* **Task instructions**
Return every line from the one with "(powertop_real UNIV) (\<Union>\<sigma>\<in>K." through the one with "using closedin_realization_set_diff[OF assms]", inclusive, exactly as it appears below.

Collected data
★ ★ ★

lemma closedin_realization_set_diff:
  assumes "finite K" "\<And>\<sigma>. \<sigma> \<in> K \<Longrightarrow> finite \<sigma>" and U: "realization_open K U"
  shows "closedin (powertop_real UNIV) (realization_set K - U)"
proof -
  have "closedin (powertop_real UNIV) (gsimplex \<sigma> - U)" if "\<sigma> \<in> K" for \<sigma>
  proof -
    have "openin (subtopology (powertop_real UNIV) (gsimplex \<sigma>)) (U \<inter> gsimplex \<sigma>)"
      using U that unfolding realization_open_def by blast
    from closedin_diff[OF closedin_topspace this]
    have "closedin (subtopology (powertop_real UNIV) (gsimplex \<sigma>)) (gsimplex \<sigma> - U \<inter> gsimplex \<sigma>)"
      by simp
    moreover have "gsimplex \<sigma> - U \<inter> gsimplex \<sigma> = gsimplex \<sigma> - U"
      by blast
    ultimately show ?thesis
      using closedin_trans_full closedin_gsimplex assms that by metis
  qed
  then have "closedin (powertop_real UNIV) (\<Union>\<sigma>\<in>K. gsimplex \<sigma> - U)"
    using assms by (intro closedin_Union) auto
  moreover have "(\<Union>\<sigma>\<in>K. gsimplex \<sigma> - U) = realization_set K - U"
    unfolding realization_set_def by blast
  ultimately show ?thesis
    by simp
qed

lemma geometric_realization_eq_subtopology:
  assumes "finite K" "\<And>\<sigma>. \<sigma> \<in> K \<Longrightarrow> finite \<sigma>"
  shows "geometric_realization K = subtopology (powertop_real UNIV) (realization_set K)"
  unfolding topology_eq
proof
  fix U
  have "openin (geometric_realization K) U = realization_open K U"
    unfolding geometric_realization_def by (simp add: topology_inverse'[OF istopology_realization_open])
  also have "\<dots> = openin (subtopology (powertop_real UNIV) (realization_set K)) U"
  proof
    assume U: "realization_open K U"
    then have "closedin (powertop_real UNIV) (realization_set K - U)" "U \<subseteq> realization_set K"
      using closedin_realization_set_diff[OF assms] by (auto simp: realization_open_def)
    then show "openin (subtopology (powertop_real UNIV) (realization_set K)) U"
      unfolding openin_subtopology
      by (intro exI[of _ "UNIV - (realization_set K - U)"]) (auto simp: openin_closedin_eq double_diff)
  next
    assume "openin (subtopology (powertop_real UNIV) (realization_set K)) U"
    then obtain T where T: "openin (powertop_real UNIV) T" "U = T \<inter> realization_set K"
      unfolding openin_subtopology by blast
    then have "U \<inter> gsimplex \<sigma> = T \<inter> gsimplex \<sigma>" if "\<sigma> \<in> K" for \<sigma>
      using that unfolding realization_set_def by blast
    then show "realization_open K U"
      unfolding realization_open_def openin_subtopology using T by blast
  qed
  finally show "openin (geometric_realization K) U
      = openin (subtopology (powertop_real UNIV) (realization_set K)) U" .
qed

lemma compactin_realization_set:
  assumes "finite K" "\<And>\<sigma>. \<sigma> \<in> K \<Longrightarrow> finite \<sigma>"
  shows "compactin (powertop_real UNIV) (realization_set K)"
  unfolding realization_set_def using assms by (intro compactin_Union) (auto intro: compactin_gsimplex)

lemma obtain_insert_of_card_Suc:
  assumes "finite A" "\<rho> \<subseteq> A" "card A = Suc (card \<rho>)"
  obtains x where "x \<notin> \<rho>" "A = insert x \<rho>"
proof -
  have "card (A - \<rho>) = 1"
    using assms by (simp add: card_Diff_subset finite_subset)
  then obtain x where "A - \<rho> = {x}"
    by (meson card_1_singletonE)
  with assms(2) that show thesis by blast
qed

locale pure_complex =
  fixes K :: "'v set set" and n :: nat
  assumes sc_of_dim_K: "sc_of_dim K n"
begin

lemma face_finite: "\<sigma> \<in> K \<Longrightarrow> finite \<sigma>"
  using sc_of_dim_K by (simp add: sc_of_dim_def simplicial_complex_def)

lemma face_nonempty: "\<sigma> \<in> K \<Longrightarrow> \<sigma> \<noteq> {}"
  using sc_of_dim_K by (auto simp: sc_of_dim_def simplicial_complex_def)

lemma subface: "\<sigma> \<in> K \<Longrightarrow> \<tau> \<subseteq> \<sigma> \<Longrightarrow> \<tau> \<noteq> {} \<Longrightarrow> \<tau> \<in> K"
  using sc_of_dim_K unfolding sc_of_dim_def simplicial_complex_def by blast

lemma card_face_le: "\<sigma> \<in> K \<Longrightarrow> card \<sigma> \<le> n + 1"
  using sc_of_dim_K by (simp add: sc_of_dim_def)

lemma card_facet: "facet K \<sigma> \<Longrightarrow> card \<sigma> = n + 1"
  using sc_of_dim_K by (simp add: sc_of_dim_def)

lemma complex_nonempty: "K \<noteq> {}"
  using sc_of_dim_K by (simp add: sc_of_dim_def)

lemma face_subset_facet:
  assumes "\<sigma> \<in> K"
  obtains G where "G \<in> K" "card G = n + 1" "\<sigma> \<subseteq> G"
proof -
  have "\<And>G. G \<in> K \<and> \<sigma> \<subseteq> G \<Longrightarrow> card G < n + 2"
    using card_face_le by (simp add: less_Suc_eq_le)
  then obtain G where G: "G \<in> K" "\<sigma> \<subseteq> G"
    and largest: "\<And>\<tau>. \<tau> \<in> K \<Longrightarrow> \<sigma> \<subseteq> \<tau> \<Longrightarrow> card \<tau> \<le> card G"
    using ex_has_greatest_nat[of "\<lambda>G. G \<in> K \<and> \<sigma> \<subseteq> G" \<sigma> card "n + 2"] assms by blast
  have "facet K G"
    unfolding facet_def
  proof (intro conjI ballI impI)
    fix \<tau> assume "\<tau> \<in> K" "G \<subseteq> \<tau>"
    with G largest show "\<tau> = G"
      by (metis card_seteq face_finite order_trans)
  qed (fact G)
  with G that show thesis
    using card_facet by blast
qed

end

locale closed_pure_complex = pure_complex +
  assumes closed_K: "closed_complex K n"
begin

lemma card_ridge_facets:
  assumes "\<rho> \<in> K" "card \<rho> = n"
  shows "card (n_faces_containing K n \<rho>) = 2"
  using closed_K assms by (simp add: closed_complex_def)

lemma ridge_facets_at_most_two:
  assumes "\<rho> \<in> K" "card \<rho> = n"
    and "{A, B, C} \<subseteq> n_faces_containing K n \<rho>"
  shows "A = B \<or> A = C \<or> B = C"
proof (rule ccontr)
  assume "\<not> ?thesis"
  then have "card {A, B, C} = 3" by simp
  moreover have "card {A, B, C} \<le> 2"
    using card_ridge_facets[OF assms(1,2)] assms(3)
    by (metis card_mono card.infinite zero_neq_numeral)
  ultimately show False by simp
qed

lemma ridge_other_facet:
  assumes "\<rho> \<in> K" "card \<rho> = n" "A \<in> n_faces_containing K n \<rho>"
  obtains B where "B \<in> n_faces_containing K n \<rho>" "B \<noteq> A"
proof -
  have "card (n_faces_containing K n \<rho>) = 2"
    using card_ridge_facets[OF assms(1,2)] .
  with assms(3) have "card (n_faces_containing K n \<rho> - {A}) = 1"
    by (simp add: card_Diff_singleton_if)
  then show thesis
    using that by (metis Diff_iff card_1_singletonE singletonI)
qed

lemma ex_opposite_vertices:
  assumes "F \<in> K" "card F = n + 1" "n \<noteq> 0"
  obtains opp where "\<And>v. v \<in> F \<Longrightarrow> opp v \<notin> F" "\<And>v. v \<in> F \<Longrightarrow> insert (opp v) (F - {v}) \<in> K"
proof -
  have "\<exists>x. x \<notin> F \<and> insert x (F - {v}) \<in> K" if v: "v \<in> F" for v
  proof -
    have "finite F"
      using assms face_finite by blast
    then have card_ridge: "card (F - {v}) = n"
      using assms v by simp
    then have "F - {v} \<in> K"
      using subface[OF assms(1)] assms(3) by (metis Diff_subset card.empty)
    moreover have "F \<in> n_faces_containing K n (F - {v})"
      using assms by (auto simp: n_faces_containing_def)
    ultimately obtain B where B: "B \<in> n_faces_containing K n (F - {v})" "B \<noteq> F"
      using ridge_other_facet card_ridge by blast
    then obtain x where "x \<notin> F - {v}" "B = insert x (F - {v})"
      using obtain_insert_of_card_Suc[of B "F - {v}"] card_ridge face_finite
      by (auto simp: n_faces_containing_def)
    moreover have "x \<noteq> v"
      using B calculation v by (metis insert_Diff)
    ultimately show ?thesis
      using B(1) by (auto simp: n_faces_containing_def)
  qed
  then obtain opp where "\<forall>v\<in>F. opp v \<notin> F \<and> insert (opp v) (F - {v}) \<in> K"
    by metis
  with that show thesis by blast
qed

end

locale closed_complex_3_4 = closed_pure_complex +
  assumes two_le_n: "2 \<le> n" and type_3_4_K: "type_3_4 K n"
begin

★ ★ ★

* **Written reply**
  then have "closedin (powertop_real UNIV) (\<Union>\<sigma>\<in>K. gsimplex \<sigma> - U)"
    using assms by (intro closedin_Union) auto
  moreover have "(\<Union>\<sigma>\<in>K. gsimplex \<sigma> - U) = realization_set K - U"
    unfolding realization_set_def by blast
  ultimately show ?thesis
    by simp
qed

lemma geometric_realization_eq_subtopology:
  assumes "finite K" "\<And>\<sigma>. \<sigma> \<in> K \<Longrightarrow> finite \<sigma>"
  shows "geometric_realization K = subtopology (powertop_real UNIV) (realization_set K)"
  unfolding topology_eq
proof
  fix U
  have "openin (geometric_realization K) U = realization_open K U"
    unfolding geometric_realization_def by (simp add: topology_inverse'[OF istopology_realization_open])
  also have "\<dots> = openin (subtopology (powertop_real UNIV) (realization_set K)) U"
  proof
    assume U: "realization_open K U"
    then have "closedin (powertop_real UNIV) (realization_set K - U)" "U \<subseteq> realization_set K"
      using closedin_realization_set_diff[OF assms] by (auto simp: realization_open_def)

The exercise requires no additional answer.